Course syllabus

Analytisk mekanik Analytical Mechanics

FMEN15, 7,5 credits, A (Second Cycle)

Valid for: 2012/13
Decided by: Education Board 3
Date of Decision: 2012-04-25

General Information

Elective for: F4, F4-tf
Language of instruction: The course might be given in English

Aim

• give basic knowledge about the principles, the conceptions and methods in analytical mechanics based on Langrange’s and Hamilton’s formulation of the laws of the classical mechanics.
• provide a basis for further studies in classical mechanics and quantum mechanics.

Learning outcomes

Knowledge and understanding
For a passing grade the student must

• provide knowledge of the most important results in the analytical mechanics.
• be able to formulate theoretical models for mechanical systems based on Langrange’s and Hamilton’s methods.
• have some knowledge about the relation to the classical statistical mechanics and quantum mechanics.

Competences and skills
For a passing grade the student must

• be able to analyze some simple models for mechanical systems using computer program (Matlab, Maple etc.).
• be able to perform an analysis of a mechanical problem and to present the results in a well-written report.
• be able to describe some engineering problems in industrial applications that can be studied using analytical mechanics.

Judgement and approach
For a passing grade the student must

• be able to evaluate achieved results based on the problem formulation at hand as well as physical limitations.

Contents

Lagrange’s method: mechanical systems, degrees of freedom, generalized coordinates, the Lagrangian, variational principles, Euler-Lagrange’s equations, cyclic coordinates, constants of motion, Noether’s theorem.
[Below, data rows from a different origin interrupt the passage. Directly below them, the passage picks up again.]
theorem mainTheorem3:
  fixes g wM :: real and N :: nat and l :: "nat \<Rightarrow> real" and chi :: "real \<Rightarrow> real"
    and dx :: "int \<Rightarrow> real" and dt :: "nat \<Rightarrow> real"
    and H :: "nat \<Rightarrow> int \<Rightarrow> real" and u :: "nat \<Rightarrow> nat \<Rightarrow> int \<Rightarrow> real"
  assumes g_pos: "g > 0"
    and N_pos: "N \<ge> 1"
    and l_nonneg: "\<forall>\<alpha>\<in>{1..N}. l \<alpha> \<ge> 0"
    and l_sum: "(\<Sum>\<alpha> = 1..N. l \<alpha>) = 1"
    and dx_pos: "\<forall>i. dx i > 0"
    and chi_even: "\<forall>w. chi (- w) = chi w"
    and chi_nonneg: "\<forall>w. chi w \<ge> 0"
    and chi_int: "integrable lborel chi"
    and chi_int2: "integrable lborel (\<lambda>w. w\<^sup>2 * chi w)"
    and chi_mass: "(LINT w|lborel. chi w) = 1"
    and chi_moment: "(LINT w|lborel. w\<^sup>2 * chi w) = 1"
    and chi_supp: "\<forall>w. w \<notin> {- wM..wM} \<longrightarrow> chi w = 0"
    and scheme: "\<forall>n i. H (Suc n) i =
        H n i - dt n / dx i * (\<Sum>\<alpha> = 1..N. flux g l chi (H n) (u n) \<alpha> i)"
  shows "(\<forall>n. (\<forall>i. H n i \<ge> 0) \<and> cfl g N l chi wM (H n) (u n) dx (dt n)
               \<longrightarrow> (\<forall>i. H (Suc n) i \<ge> 0))
       \<and> ((\<forall>i. H 0 i \<ge> 0) \<and> (\<forall>n. cfl g N l chi wM (H n) (u n) dx (dt n))
               \<longrightarrow> (\<forall>n i. H n i \<ge> 0))"
proof -
  have step: "\<forall>i. H (Suc n) i \<ge> 0"
    if "\<forall>i. H n i \<ge> 0" and "cfl g N l chi wM (H n) (u n) dx (dt n)" for n
    using scheme_step_nonneg[OF g_pos l_nonneg l_sum dx_pos chi_nonneg chi_int chi_mass chi_supp
        that] scheme by simp
  moreover have "\<forall>i. H n i \<ge> 0"
    if "\<forall>i. H 0 i \<ge> 0" and "\<forall>n. cfl g N l chi wM (H n) (u n) dx (dt n)" for n
    using that by (induction n) (simp_all add: step)
  ultimately show ?thesis by blast
qed
lemma orthogonal_basis_expansion:
  fixes g :: "'i \<Rightarrow> bool list \<Rightarrow> complex"
  assumes fin: "finite J" and card: "card J = 2 ^ q"
    and orth: "\<And>i j. i \<in> J \<Longrightarrow> j \<in> J \<Longrightarrow> i \<noteq> j \<Longrightarrow> qinner q (g i) (g j) = 0"
    and nonzero: "\<And>j. j \<in> J \<Longrightarrow> qinner q (g j) (g j) \<noteq> 0"
  shows "qinner q u z = (\<Sum>k\<in>J. qinner q (g k) z / qinner q (g k) (g k) * qinner q u (g k))"
proof -
  define c where "c k = qinner q (g k) z / qinner q (g k) (g k)" for k
  define w where "w = (\<lambda>xs. z xs - (\<Sum>k\<in>J. c k * g k xs))"
  have w_orth: "qinner q (g j) w = 0" if j: "j \<in> J" for j
  proof -
    have "(\<Sum>k\<in>J - {j}. c k * qinner q (g j) (g k)) = 0"
      by (rule sum.neutral) (auto simp: orth j)
    then have "(\<Sum>k\<in>J. c k * qinner q (g j) (g k)) = c j * qinner q (g j) (g j)"
      by (simp add: sum.remove[OF fin j])
    also have "\<dots> = qinner q (g j) z"
      using nonzero[OF j] by (simp add: c_def)
    finally show ?thesis
      by (simp add: w_def qinner_diff_right qinner_sum_right)
  qed
  have "qinner q w w = 0"
    using fin card orth nonzero w_orth by (rule orthogonal_family_complete)
  then have "qinner q u z = qinner q u (\<lambda>xs. \<Sum>k\<in>J. c k * g k xs)"
    by (intro qinner_cong) (auto dest: qinner_self_eq_0D simp: w_def)
  also have "\<dots> = (\<Sum>k\<in>J. c k * qinner q u (g k))" by (rule qinner_sum_right)
  finally show ?thesis by (simp add: c_def)
qed

lemma orthogonal_basis_expansion_insert:
  fixes g :: "'i \<Rightarrow> bool list \<Rightarrow> complex"
  assumes fin: "finite J" and card: "card J + 1 = 2 ^ q"
    and orth: "\<And>i j. i \<in> J \<Longrightarrow> j \<in> J \<Longrightarrow> i \<noteq> j \<Longrightarrow> qinner q (g i) (g j) = 0"
    and nonzero: "\<And>j. j \<in> J \<Longrightarrow> qinner q (g j) (g j) \<noteq> 0"
    and y: "qinner q y y \<noteq> 0" "\<And>j. j \<in> J \<Longrightarrow> qinner q (g j) y = 0"
  shows "qinner q u z = qinner q y z / qinner q y y * qinner q u y
           + (\<Sum>k\<in>J. qinner q (g k) z / qinner q (g k) (g k) * qinner q u (g k))"
proof -
  have y': "qinner q y (g j) = 0" if "j \<in> J" for j
    using y(2)[OF that] qinner_commute[of q y "g j"] by simp
  have "qinner q u z = (\<Sum>k\<in>insert None (Some ` J).
          qinner q (case_option y g k) z / qinner q (case_option y g k) (case_option y g k)
          * qinner q u (case_option y g k))"
    by (rule orthogonal_basis_expansion)
      (use fin card in \<open>auto simp: card_image orth nonzero y y' split: option.split\<close>)
  with fin show ?thesis by (simp add: sum.reindex)
qed

section \<open>Vectors of \<open>\<complex>\<^sup>2\<close> and splitting off the first qubit\<close>

definition inner2 :: "(bool \<Rightarrow> complex) \<Rightarrow> (bool \<Rightarrow> complex) \<Rightarrow> complex" where
  "inner2 a b = cnj (a False) * b False + cnj (a True) * b True"

definition det2 :: "(bool \<Rightarrow> complex) \<Rightarrow> (bool \<Rightarrow> complex) \<Rightarrow> complex" where
  "det2 a b = a False * b True - a True * b False"

definition perp2 :: "(bool \<Rightarrow> complex) \<Rightarrow> bool \<Rightarrow> complex" where
  "perp2 b = (\<lambda>x. if x then cnj (b False) else - cnj (b True))"

definition nonzero2 :: "(bool \<Rightarrow> complex) \<Rightarrow> bool" where
  "nonzero2 a \<longleftrightarrow> a False \<noteq> 0 \<or> a True \<noteq> 0"

lemma inner2_commute: "inner2 b a = cnj (inner2 a b)"
  by (simp add: inner2_def mult.commute)

lemma det2_swap: "det2 b a = - det2 a b"
  by (simp add: det2_def algebra_simps)

lemma det2_self: "det2 a a = 0"
  by (simp add: det2_def mult.commute)

lemma inner2_perp2: "inner2 a (perp2 b) = - cnj (det2 a b)"
  by (simp add: inner2_def perp2_def det2_def algebra_simps)

lemma nonzero2_perp2: "nonzero2 (perp2 b) \<longleftrightarrow> nonzero2 b"
  by (auto simp: nonzero2_def perp2_def)

lemma inner2_self_eq_0_iff: "inner2 a a = 0 \<longleftrightarrow> \<not> nonzero2 a"
proof -
  have "inner2 a a = of_real ((cmod (a False))\<^sup>2 + (cmod (a True))\<^sup>2)"
    unfolding inner2_def of_real_add complex_norm_square by (simp add: mult.commute)
  moreover have "(cmod (a False))\<^sup>2 + (cmod (a True))\<^sup>2 = 0 \<longleftrightarrow> \<not> nonzero2 a"
    by (auto simp: nonzero2_def add_nonneg_eq_0_iff)
  ultimately show ?thesis by (metis of_real_eq_0_iff)
qed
Hamilton’s method: canonical momenta, Legendre transformation, phase space, the Hamiltonian, Hamiltonian dynamics, Liouville’s theorem, canonical transformations, the Poisson bracket, integral invariants, transformation theory, integrable systems, action-angle variables. Hanilton-Jacobi’s method: Hamilton-Jacobi and the Schrödinger equation. Periodic and chaotic motions. Somewhat on analytical mechanics and its relation to classical statistical mechanics and quantum mechanics.

Examination details

Assessment: Hand in exercises and written exam.